“聆儿也快七岁了,女大避父,免得引人口舌。”
荒唐!她才多大?而且凭什么女儿要避父亲,我是她爹,我们是彼此世上唯一的血亲,她外出求学往后本就聚少离多,若是在家中还要避我,那当真是看一眼少一眼了。
“哪儿的话,阿聆还小呢,谁敢对孩子说闲言碎语,我给他嘴缝上。”
陈颜笑了两声后把卧室的床单和被子拿去洗晒,没再说什么。
中秋前一日的夜里,我和陈颜都早早歇下了,想着明天早起去城门口接阿聆,谁知夜里亥时,家中大门突然被打开了。
“阿爹,姑姑,我回来啦!”
原本躺在床上都有了困意,猛地听见阿聆的声音,我衣服都顾不得换直接到门口去接她。
“不是明日到吗?怎么提前了?晚饭吃了没?阿爹去给你煮碗面?”
阿聆穿得单薄,长安刚入秋,虽说白日有太阳时暖和,但夜里穿这么少肯定是要着凉的。我赶忙接过她肩上的包袱,把她往屋里推。话说她这包袱里装了些什么?怎么这样沉?
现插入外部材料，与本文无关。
(* For given positive integers $N_s$ ($s\in\mathcal S$) and $N=\sum_s N_s$, let $M_s=\lfloor N/N_s\rfloor$ and $r_s=N\bmod N_s$. Consider an sAEDS with $|\mathcal X_s|=N_s$ in which, for each $s$, exactly $N_s-r_s$ states $x\in\mathcal X_s$ have $|\mathcal F^+_x|=M_s$ and the other $r_s$ have $|\mathcal F^+_x|=M_s+1$, and, for a stationary distribution $Q$ of its state chain, each $\mathcal F^+_x$ is encoded by a phased-in code (with $|\mathcal F^+_x|$ codewords) matched to $Q$ restricted to $\mathcal F^+_x$. Then $$L\le H(p)+D(p\|q)+\sigma+\sum_{s\in\mathcal S}p(s)\lg\frac{M_s+\tilde Q_{M_s+1}}{N/N_s},$$ where $\sigma=\lg\lg e+1-\lg e$ and $\tilde Q_{M_s+1}=\sum_{x\in\mathcal X_s,\ |\mathcal F^+_x|=M_s+1}\tilde Q_s(x)$.
   Context: Let $\mathcal S$ be a finite alphabet with $|\mathcal S|\ge 2$ and $p=\{p(s)\}$ a probability distribution with $p(s)>0$ for all $s$ (i.i.d. source). $\mathcal B=\{0,1\}^*$ (including the empty word), $l(\beta)$ the word length, $\lg=\log_2$. An AEDS with finite state set $\mathcal X$, $|\mathcal X|=N$, consists of maps $E_{\hat x}:\mathcal S\to\mathcal B$ and $F^-_{\hat x}:\mathcal S\to\mathcal X$ ($\hat x\in\mathcal X$) such that for every $x\in\mathcal X$ the words $E_{\hat x}(s)$ over all pairs $(\hat x,s)$ with $F^-_{\hat x}(s)=x$ are pairwise distinct and form a prefix-free set. The state chain is the Markov chain on $\mathcal X$ moving from $\hat x$ to $F^-_{\hat x}(s)$ with probability $p(s)$; for a stationary distribution $Q$ the average code length is $L=\sum_{\hat x}\sum_s p(s)Q(\hat x)l(E_{\hat x}(s))$. A state-divided AEDS (sAEDS) is an AEDS for which the sets $\mathcal X_s=\{F^-_{\hat x}(s):\hat x\in\mathcal X\}$ are pairwise disjoint with union $\mathcal X$; $N_s=|\mathcal X_s|$, $q(s)=N_s/N$. For $x\in\mathcal X_s$, $\mathcal F^+_x=\{\hat x: F^-_{\hat x}(s)=x\}$; for each $s$ these sets partition $\mathcal X$. An sAEDS is thus specified by the partitions and, for each $x\in\mathcal X_s$, an injective prefix-free code $\hat x\mapsto E_{\hat x}(s)$ on $\mathcal F^+_x$; the state chain (hence $Q$) depends only on $p$ and the partitions. For $x\in\mathcal X_s$, $\tilde Q_s(x)=\sum_{\hat x\in\mathcal F^+_x}Q(\hat x)$. Phased-in code: for an integer $M\ge1$ and $k=\lceil\lg M\rceil$, a prefix-free code on an $M$-element set with $2^k-M$ codewords of length $k-1$ and $2M-2^k$ codewords of length $k$ (for $M=1$, the single empty word). It is matched to a distribution on that set if the length-$(k-1)$ codewords go to $2^k-M$ elements of largest probability. $H(p)=-\sum_s p(s)\lg p(s)$, $D(p\|q)=\sum_s p(s)\lg(p(s)/q(s))$. *)

theory Defs
  imports Complex_Main "HOL-Library.Sublist"
begin
corollary resid_alpha_inputD:
  "resid_alpha Pc (\<alpha>, P') (AIn M N, Q') \<Longrightarrow> \<alpha> = AIn M N \<and> alpha Pc P' Q'"
  by (metis resid_alpha_input fst_conv snd_conv)

lemma fn_frame_swap: "fn_frame Pc (swap_frame Pc a b F) = nswap a b ` fn_frame Pc F"
  by (simp add: fn_frame_def swap_frame_def A.supp_swap image_set_diff[OF nswap_inj])

lemma fn_frame_swap_fresh: "a \<notin> fn_frame Pc F \<Longrightarrow> b \<notin> fn_frame Pc F \<Longrightarrow>
  fn_frame Pc (swap_frame Pc a b F) = fn_frame Pc F"
  by (simp add: fn_frame_swap nswap_image_fix)

lemma frame_alpha_fn: "frame_alpha Pc F G \<Longrightarrow> fn_frame Pc F = fn_frame Pc G"
  by (induct rule: frame_alpha.induct) (auto simp: fn_frame_swap_fresh)

lemma swap_frame_comp: "swap_frame Pc a b (swap_frame Pc c d F) =
  swap_frame Pc (nswap a b c) (nswap a b d) (swap_frame Pc a b F)"
  by (simp add: swap_frame_def A.sw_comp[of a b c d] comp_def nswap_comp[of a b c d])

lemma frame_alpha_eqvt: "frame_alpha Pc F G \<Longrightarrow>
   frame_alpha Pc (swap_frame Pc a b F) (swap_frame Pc a b G)"
proof (induct rule: frame_alpha.induct)
  case (fa_swap c F d)
  then show ?case
    by (simp add: swap_frame_comp[of a b c d] frame_alpha.fa_swap fn_frame_swap nswap_in_image)
qed (auto intro: frame_alpha.intros)

lemma frame_of_supp: "frame_of Pc P F \<Longrightarrow> fn_frame Pc F \<subseteq> fn Pc P"
proof (induct rule: frame_of.induct)
  case (f_par P b1 \<Psi>1 Q b2 \<Psi>2)
  then show ?case using supp_comp[of \<Psi>1 \<Psi>2] by (auto simp: fn_frame_def)
next
  case (f_alpha P F G)
  then show ?case by (simp add: frame_alpha_fn)
next
  case (f_alpha_agent P Q F)
  then show ?case by (simp add: alpha_fn)
qed (auto simp: fn_frame_def)

lemma frame_of_supp': "frame_of Pc P (bs, \<Psi>) \<Longrightarrow> supp (swA Pc) \<Psi> \<subseteq> fn Pc P \<union> set bs"
  using frame_of_supp[of P "(bs, \<Psi>)"] by (auto simp: fn_frame_def)

lemma frame_of_par:
  assumes "frame_of Pc P (b1, \<Psi>1)" "frame_of Pc Q (b2, \<Psi>2)"
    and "set b1 \<inter> (set b2 \<union> fn Pc Q) = {}" "set b2 \<inter> fn Pc P = {}"
  shows "frame_of Pc (PPar P Q) (b1 @ b2, comp Pc \<Psi>1 \<Psi>2)"
  using frame_of_supp'[OF assms(1)] frame_of_supp'[OF assms(2)] assms
  by (intro frame_of.f_par) auto

end

text \<open>A permutation is represented by a list of swappings, applied right to left.\<close>

definition perm_names :: "(name \<times> name) list \<Rightarrow> name set" where
  "perm_names q = fst ` set q \<union> snd ` set q"

definition perm_assn :: "('t, 'c, 'a, 'z) psi_scheme \<Rightarrow> (name \<times> name) list \<Rightarrow> 'a \<Rightarrow> 'a" where
  "perm_assn Pc q X = foldr (\<lambda>p Y. swA Pc (fst p) (snd p) Y) q X"

definition perm_frame :: "('t, 'c, 'a, 'z) psi_scheme \<Rightarrow> (name \<times> name) list \<Rightarrow> 'a frame \<Rightarrow> 'a frame" where
  "perm_frame Pc q F = foldr (\<lambda>p G. swap_frame Pc (fst p) (snd p) G) q F"

text \<open>Conjugating a permutation by the swapping (a c).\<close>

definition rename_perm :: "name \<Rightarrow> name \<Rightarrow> (name \<times> name) list \<Rightarrow> (name \<times> name) list" where
  "rename_perm a c q = map (\<lambda>p. (nswap a c (fst p), nswap a c (snd p))) q"

lemma perm_names_Nil[simp]: "perm_names [] = {}" by (simp add: perm_names_def)
lemma perm_names_Cons[simp]: "perm_names (p # q) = {fst p, snd p} \<union> perm_names q"
  by (auto simp: perm_names_def)
lemma perm_names_append[simp]: "perm_names (q1 @ q2) = perm_names q1 \<union> perm_names q2"
  by (auto simp: perm_names_def)
lemma perm_names_rev[simp]: "perm_names (rev q) = perm_names q" by (auto simp: perm_names_def)
lemma finite_perm_names[simp]: "finite (perm_names q)" by (simp add: perm_names_def)
lemma perm_names_rename: "perm_names (rename_perm a c q) = nswap a c ` perm_names q"
  by (induct q) (auto simp: rename_perm_def)

lemma perm_assn_Nil[simp]: "perm_assn Pc [] X = X" by (simp add: perm_assn_def)
lemma perm_assn_Cons[simp]: "perm_assn Pc (p # q) X = swA Pc (fst p) (snd p) (perm_assn Pc q X)"
  by (simp add: perm_assn_def)
lemma perm_assn_append: "perm_assn Pc (q1 @ q2) X = perm_assn Pc q1 (perm_assn Pc q2 X)"
  by (simp add: perm_assn_def)
lemma perm_frame_Nil[simp]: "perm_frame Pc [] F = F" by (simp add: perm_frame_def)
lemma perm_frame_Cons[simp]:
  "perm_frame Pc (p # q) F = swap_frame Pc (fst p) (snd p) (perm_frame Pc q F)"
  by (simp add: perm_frame_def)
lemma snd_perm_frame: "snd (perm_frame Pc q F) = perm_assn Pc q (snd F)"
  by (induct q) (auto simp: swap_frame_def)

context psi_calc begin

lemma perm_assn_fresh: "perm_names q \<inter> supp (swA Pc) X = {} \<Longrightarrow> perm_assn Pc q X = X"
  by (induct q) (auto simp: A.fresh_swap)

lemma perm_assn_comp: "perm_assn Pc q (comp Pc X Y) = comp Pc (perm_assn Pc q X) (perm_assn Pc q Y)"
  by (induct q) (auto simp: comp_eqvt)

lemma aeq_perm_assn: "aeq Pc X Y \<Longrightarrow> aeq Pc (perm_assn Pc q X) (perm_assn Pc q Y)"
  by (induct q) (auto simp: aeq_swap)
(* Consider a market in which every hospital values all contracts equally, i.e. for each $h\in H$ there is $\gamma_h>0$ with $f_h(Y)=\gamma_h|Y|$ for all $Y\subseteq X_h$. For each $h$, let $\mathrm{Ch}_h$ be the choice function that, given $X'\subseteq X_h$, sorts $X'$ in non-decreasing order of wage (ties broken by a fixed order), starts with $Y=\emptyset$, goes through the sorted contracts adding each contract $x$ to $Y$ if $w_h(Y\cup\{x\})\le B_h$, and returns $Y$. Then the generalized deferred acceptance mechanism with these choice functions is strategy-proof for doctors and produces a $B_H$-stable matching.
   Context: A market consists of a finite set of doctors $D$, a finite set of hospitals $H$, a finite set of contracts $X\subseteq D\times H\times\mathbb{R}_{>0}$ (contract $x=(d,h,w)$ has doctor $x_D=d$, hospital $x_H=h$, wage $x_W=w$), strict preferences $\succ_d$ of each doctor $d$ over $X_d\cup\{\emptyset\}$, utilities $f_h$ of each hospital on subsets of $X_h$, and budgets $B_H=(B_h)_h$, $B_h>0$, with $0<x_W\le B_h$ for all $x\in X_h$. For $Y\subseteq X$: $Y_d=\{x\in Y:x_D=d\}$, $Y_h=\{x\in Y:x_H=h\}$, $w_h(Y)=\sum_{x\in Y_h}x_W$. A matching is $Y\subseteq X$ with $|Y_d|\le1$ for all $d$. A matching $Y$ is $B_H$-feasible if $w_h(Y)\le B_h$ for all $h$; a matching $Z\subseteq X_h$ blocks $Y$ if every doctor $x_D$ with $x\in Z\setminus Y$ strictly prefers $x$ to her contract in $Y$ (or to $\emptyset$), $f_h(Z)>f_h(Y_h)$ and $w_h(Z)\le B_h$; $Y$ is $B_H$-stable if it is $B_H$-feasible and not blocked by any $h$ and $Z\subseteq X_h$. Generalized deferred acceptance with hospital choice functions $\mathrm{Ch}_h$: let $\mathrm{Ch}_H(Y)=\bigcup_h\mathrm{Ch}_h(Y_h)$; $\mathrm{Ch}_d(Y)=\{x\}$ for the $\succ_d$-best $x\in Y_d$ if $x\succ_d\emptyset$, else $\emptyset$; $\mathrm{Ch}_D(Y)=\bigcup_d\mathrm{Ch}_d(Y_d)$. Set $R^{(0)}=\emptyset$; for $i=1,2,\dots$: $Y^{(i)}=\mathrm{Ch}_D(X\setminus R^{(i-1)})$, $Z^{(i)}=\mathrm{Ch}_H(Y^{(i)})$, $R^{(i)}=R^{(i-1)}\cup(Y^{(i)}\setminus Z^{(i)})$; if $Y^{(i)}=Z^{(i)}$, output $Y^{(i)}$. This is a mechanism mapping reported doctor preference profiles to matchings; it is strategy-proof for doctors if for every doctor $d$, every profile $\succ_D$ and every alternative report $\succ'_d$, the outcome of $d$ under $\succ_D$ is weakly $\succ_d$-preferred to her outcome under $(\succ'_d,\succ_{-d})$. *)

theory Defs
  imports Complex_Main
begin

type_synonym ('d, 'h) contract = "'d \<times> 'h \<times> real"

definition doc :: "('d, 'h) contract \<Rightarrow> 'd" where "doc x = fst x"
definition hosp :: "('d, 'h) contract \<Rightarrow> 'h" where "hosp x = fst (snd x)"
definition wage :: "('d, 'h) contract \<Rightarrow> real" where "wage x = snd (snd x)"

definition contracts_of_doc :: "('d, 'h) contract set \<Rightarrow> 'd \<Rightarrow> ('d, 'h) contract set" where
  "contracts_of_doc Y d = {x \<in> Y. doc x = d}"

definition contracts_of_hosp :: "('d, 'h) contract set \<Rightarrow> 'h \<Rightarrow> ('d, 'h) contract set" where
  "contracts_of_hosp Y h = {x \<in> Y. hosp x = h}"
definition graph_bounded_linear :: "('x::banach \<Rightarrow> 'x) \<Rightarrow> 'x set \<Rightarrow> ('x \<Rightarrow> 'y::banach) \<Rightarrow> bool" where
  "graph_bounded_linear A D C \<longleftrightarrow>
     (\<forall>x\<in>D. \<forall>y\<in>D. C (x + y) = C x + C y) \<and>
     (\<forall>x\<in>D. \<forall>c. C (c *\<^sub>R x) = c *\<^sub>R C x) \<and>
     (\<exists>K. \<forall>x\<in>D. norm (C x) \<le> K * (norm x + norm (A x)))"

definition obs_energy :: "(real \<Rightarrow> 'x::banach \<Rightarrow>\<^sub>L 'x) \<Rightarrow> ('x \<Rightarrow> 'y::banach) \<Rightarrow> real \<Rightarrow> 'x \<Rightarrow> real" where
  "obs_energy T C \<tau> x = integral {0..\<tau>} (\<lambda>t. (norm (C (blinfun_apply (T t) x)))\<^sup>2)"

text \<open>M(\<tau>)^2 and m(\<tau>)^2 (finite \<tau>), as extended reals.\<close>
definition M_sq :: "(real \<Rightarrow> 'x::banach \<Rightarrow>\<^sub>L 'x) \<Rightarrow> 'x set \<Rightarrow> ('x \<Rightarrow> 'y::banach) \<Rightarrow> real \<Rightarrow> ereal" where
  "M_sq T D C \<tau> = (SUP x\<in>{x\<in>D. norm x = 1}. ereal (obs_energy T C \<tau> x))"

definition m_sq :: "(real \<Rightarrow> 'x::banach \<Rightarrow>\<^sub>L 'x) \<Rightarrow> 'x set \<Rightarrow> ('x \<Rightarrow> 'y::banach) \<Rightarrow> real \<Rightarrow> ereal" where
  "m_sq T D C \<tau> = (INF x\<in>{x\<in>D. norm x = 1}. ereal (obs_energy T C \<tau> x))"

definition admissible_in_time where
  "admissible_in_time T D C \<tau> \<longleftrightarrow> M_sq T D C \<tau> < \<infinity>"

definition exactly_observable_in_time where
  "exactly_observable_in_time T D C \<tau> \<longleftrightarrow> m_sq T D C \<tau> > 0"

text \<open>BFC-system. Since M, m \<ge> 0, M(\<eta>) < m(\<tau>) iff M(\<eta>)^2 < m(\<tau>)^2.\<close>
definition BFC_system where
  "BFC_system T D C \<longleftrightarrow>
     (\<exists>\<eta> \<tau>. 0 < \<eta> \<and> \<eta> < \<tau> \<and> admissible_in_time T D C \<tau> \<and>
        exactly_observable_in_time T D C \<tau> \<and> M_sq T D C \<eta> < m_sq T D C \<tau>)"

definition compact_op :: "('a::real_normed_vector \<Rightarrow>\<^sub>L 'b::real_normed_vector) \<Rightarrow> bool" where
  "compact_op S \<longleftrightarrow> compact (closure (blinfun_apply S ` ball 0 1))"

definition finite_dim_space :: "'a::real_vector itself \<Rightarrow> bool" where
  "finite_dim_space _ \<longleftrightarrow> (\<exists>B::'a set. finite B \<and> span B = UNIV)"
lemma eigenvalues_similar:
  assumes "P ** S = mat 1" and "S ** P = mat 1"
  shows "eigenvalues (P ** (N::real^'n^'n) ** S) = eigenvalues N"
proof
  have "S ** (P ** N ** S) ** P = (S ** P) ** N ** (S ** P)" by (simp add: matrix_mul_assoc)
  also have "\<dots> = N" using assms(2) by simp
  finally show "eigenvalues (P ** N ** S) \<subseteq> eigenvalues N"
    using eigenvalues_subset_similar[OF assms(1), of "P ** N ** S"] by simp
qed (rule eigenvalues_subset_similar[OF assms(2)])

lemma eigenvalues_matrix_inv_mult:
  assumes "pos_def (H::real^'n^'n)"
  shows "eigenvalues (matrix_inv H ** X) = eigenvalues (mat_inv_sqrt H ** X ** mat_inv_sqrt H)"
proof -
  let ?P = "mat_inv_sqrt H" and ?S = "mat_sqrt H"
  have "?P ** (?P ** X ** ?P) ** ?S = ?P ** ?P ** X ** (?P ** ?S)" by (simp add: matrix_mul_assoc)
  also have "\<dots> = matrix_inv H ** X" using mat_inv_sqrt(1,4)[OF assms] by simp
  finally show ?thesis using eigenvalues_similar[OF mat_inv_sqrt(1,2)[OF assms]] by metis
qed

text \<open>Expand \<open>0 \<le> |u - \<alpha> E\<^sup>-\<^sup>1 u|\<^sup>2\<close>.\<close>
lemma inverse_form_upper_bound:
  assumes "invertible (E::real^'n^'n)" and "0 \<le> \<alpha>" and "\<forall>x. \<alpha> * (x \<bullet> x) \<le> x \<bullet> (E *v x)"
  shows "\<alpha> * (u \<bullet> (matrix_inv E *v u)) \<le> u \<bullet> u"
proof -
  define y where "y = matrix_inv E *v u"
  have Ey: "E *v y = u"
    using matrix_inv_right[OF assms(1)] unfolding y_def by (simp add: matrix_vector_mul_assoc)
  have "\<alpha> * (\<alpha> * (y \<bullet> y)) \<le> \<alpha> * (u \<bullet> y)"
    using assms(2,3) Ey by (metis inner_commute mult_left_mono)
  moreover have "0 \<le> (u - \<alpha> *\<^sub>R y) \<bullet> (u - \<alpha> *\<^sub>R y)" by simp
  then have "0 \<le> u \<bullet> u - 2 * \<alpha> * (u \<bullet> y) + \<alpha> * (\<alpha> * (y \<bullet> y))"
    by (simp add: inner_commute algebra_simps)
  ultimately show ?thesis unfolding y_def by linarith
qed
lemma nonorth_mult_right:
  assumes x: "x \<in> carrier A" and y: "two_torsion y" and z: "two_torsion z"
  shows "nonorth x (y \<otimes> z) \<longleftrightarrow> nonorth x y \<noteq> nonorth x z"
proof -
  have "cong1 (bform A q x (y \<otimes> z)) 0 \<longleftrightarrow> (cong1 (bform A q x y) 0 \<longleftrightarrow> cong1 (bform A q x z) 0)"
    using bform_mult_right[OF x two_torsion_carrier[OF y] two_torsion_carrier[OF z]]
    by (rule cong1_zero_add_iff[OF bform_two_torsion_cases[OF x y] bform_two_torsion_cases[OF x z]])
  then show ?thesis
    by (simp add: nonorth_def)
qed

lemma double_bform_two_torsion:
  assumes x: "x \<in> carrier A" and z: "two_torsion z"
  shows "cong2 (2 * bform A q x z) (of_bool (nonorth x z))"
  using bform_two_torsion_cases[OF x z]
proof
  assume "cong1 (bform A q x z) 0"
  then show ?thesis
    using cong1_double by (fastforce simp: nonorth_def)
next
  assume half: "cong1 (bform A q x z) (1/2)"
  then have "nonorth x z"
    using not_cong1_zero_half by (auto simp: nonorth_def)
  then show ?thesis
    using cong1_double[OF half] by simp
qed

lemma q_mult_two_torsion:
  assumes "x \<in> carrier A" "two_torsion z"
  shows "cong2 (q (x \<otimes> z)) (q x + q z + of_bool (nonorth x z))"
proof -
  have "q (x \<otimes> z) = q x + q z + 2 * bform A q x z"
    unfolding bform_def by (simp add: field_simps)
  then show ?thesis
    using cong2_add[OF cong2_refl double_bform_two_torsion[OF assms]] by simp
qed

lemma q_mult_two_torsion_parity:
  assumes "x \<in> carrier A" "two_torsion z" "q_parity z c"
  shows "cong2 (q (x \<otimes> z)) (q x + of_bool (c \<noteq> nonorth x z))"
proof -
  have "cong2 (q x + q z + of_bool (nonorth x z)) (q x + of_bool c + of_bool (nonorth x z))"
    using assms(3) unfolding q_parity_def by (intro cong2_add cong2_refl)
  moreover have "cong2 (q x + of_bool c + of_bool t) (q x + of_bool (c \<noteq> t))" for t
    by (cases c; cases t) (simp_all add: cong2_def)
  ultimately show ?thesis
    using q_mult_two_torsion[OF assms(1,2)] cong2_trans by blast
qed

lemma q_parity_mult:
  assumes "x \<in> carrier A" "two_torsion z" "q_parity x a" "q_parity z c"
  shows "q_parity (x \<otimes> z) ((a \<noteq> c) \<noteq> nonorth x z)"
proof -
  have "cong2 (q x + q z + of_bool (nonorth x z)) (of_bool a + of_bool c + of_bool (nonorth x z))"
    using assms(3,4) unfolding q_parity_def by (intro cong2_add cong2_refl)
  moreover have "cong2 (of_bool a + of_bool c + of_bool t) (of_bool ((a \<noteq> c) \<noteq> t))" for t
    by (cases a; cases c; cases t) (simp_all add: cong2_def)
  ultimately show ?thesis
    unfolding q_parity_def using q_mult_two_torsion[OF assms(1,2)] cong2_trans by blast
qed

lemma not_nonorth_self:
  assumes u: "two_torsion u" and c: "q_parity u c"
  shows "\<not> nonorth u u"
proof -
  have "bform A q u u = q \<one> / 2 - q u"
    using u by (simp add: bform_def two_torsion_def)
  moreover have "cong1 (q \<one> / 2) 0"
    using q_one by (simp add: cong2_iff_cong1_half)
  moreover have "cong1 (q u) 0"
    using cong2_imp_cong1[OF c[unfolded q_parity_def]] by (cases c) (auto simp: cong1_def)
  ultimately show ?thesis
    unfolding nonorth_def using cong1_diff[of "q \<one> / 2" 0 "q u" 0] by simp
qed

section \<open>Isometries\<close>

lemma embedding_bform:
  assumes f: "qf_embedding Q p A q f" and x: "x \<in> carrier Q" and y: "y \<in> carrier Q"
    and xy: "x \<otimes>\<^bsub>Q\<^esub> y \<in> carrier Q"
  shows "cong1 (bform A q (f x) (f y)) (bform Q p x y)"
proof -
  have "cong2 (q (f (x \<otimes>\<^bsub>Q\<^esub> y)) - q (f x) - q (f y)) (p (x \<otimes>\<^bsub>Q\<^esub> y) - p x - p y)"
    using f x y xy unfolding qf_embedding_def by (intro cong2_diff) auto
  moreover have "f (x \<otimes>\<^bsub>Q\<^esub> y) = f x \<otimes> f y"
    using f x y by (simp add: qf_embedding_def hom_mult)
  ultimately show ?thesis
    by (simp add: bform_def cong2_iff_cong1_half)
qed

definition isometry :: "('a \<Rightarrow> 'a) \<Rightarrow> bool" where
  "isometry h \<longleftrightarrow> h \<in> hom A A \<and> bij_betw h (carrier A) (carrier A) \<and>
     (\<forall>x\<in>carrier A. cong2 (q (h x)) (q x))"

lemma isometry_carrier: "isometry h \<Longrightarrow> x \<in> carrier A \<Longrightarrow> h x \<in> carrier A"
  unfolding isometry_def by (auto intro: hom_in_carrier)

lemma isometry_mult: "isometry h \<Longrightarrow> x \<in> carrier A \<Longrightarrow> y \<in> carrier A \<Longrightarrow> h (x \<otimes> y) = h x \<otimes> h y"
  unfolding isometry_def by (auto intro: hom_mult)

lemma isometry_q: "isometry h \<Longrightarrow> x \<in> carrier A \<Longrightarrow> cong2 (q (h x)) (q x)"
  by (simp add: isometry_def)

lemma isometry_id: "isometry id"
  by (simp add: isometry_def hom_def)

lemma isometry_comp:
  assumes g: "isometry g" and h: "isometry h"
  shows "isometry (g \<circ> h)"
  unfolding isometry_def
proof (intro conjI ballI)
  show "g \<circ> h \<in> hom A A"
    by (rule homI) (simp_all add: isometry_carrier[OF g] isometry_carrier[OF h]
        isometry_mult[OF g] isometry_mult[OF h])
  show "bij_betw (g \<circ> h) (carrier A) (carrier A)"
    using g h unfolding isometry_def by (blast intro: bij_betw_trans)
  show "cong2 (q ((g \<circ> h) x)) (q x)" if "x \<in> carrier A" for x
    using isometry_q[OF g isometry_carrier[OF h that]] isometry_q[OF h that]
    by (auto intro: cong2_trans)
qed

lemma involution_isometry:
  assumes closed: "\<And>x. x \<in> carrier A \<Longrightarrow> h x \<in> carrier A"
    and mult: "\<And>x y. x \<in> carrier A \<Longrightarrow> y \<in> carrier A \<Longrightarrow> h (x \<otimes> y) = h x \<otimes> h y"
    and invol: "\<And>x. x \<in> carrier A \<Longrightarrow> h (h x) = x"
    and q: "\<And>x. x \<in> carrier A \<Longrightarrow> cong2 (q (h x)) (q x)"
  shows "isometry h"
  unfolding isometry_def
proof (intro conjI ballI)
  show "h \<in> hom A A"
    by (intro homI closed mult)
  show "bij_betw h (carrier A) (carrier A)"
    by (rule bij_betwI[of _ _ _ h]) (auto intro: closed invol)
qed (rule q)

lemma isometry_imp_qf_embedding: "isometry h \<Longrightarrow> qf_embedding A q A q h"
  by (simp add: isometry_def qf_embedding_def bij_betw_def)

lemma isometry_bform:
  assumes "isometry h" "x \<in> carrier A" "y \<in> carrier A"
  shows "cong1 (bform A q (h x) (h y)) (bform A q x y)"
  using embedding_bform[OF isometry_imp_qf_embedding] assms by simp

lemma isometry_nonorth:
  assumes "isometry h" "x \<in> carrier A" "y \<in> carrier A"
  shows "nonorth (h x) (h y) \<longleftrightarrow> nonorth x y"
  using isometry_bform[OF assms] cong1_sym cong1_trans unfolding nonorth_def by blast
“嘿嘿,我想早点见到阿爹和姑姑,下了马车之后就用轻功赶路了,我现在轻功练得可好了。”
我早就知道阿聆是练武的好苗子,但这才一年她就能有如此成就,着实让我惊喜。不过她一个小姑娘独自夜里赶路还是太危险了,而且夜里风大,轻功赶路太冷了。我放下包袱后伸手摸了摸她的脸,果然冻得冰凉。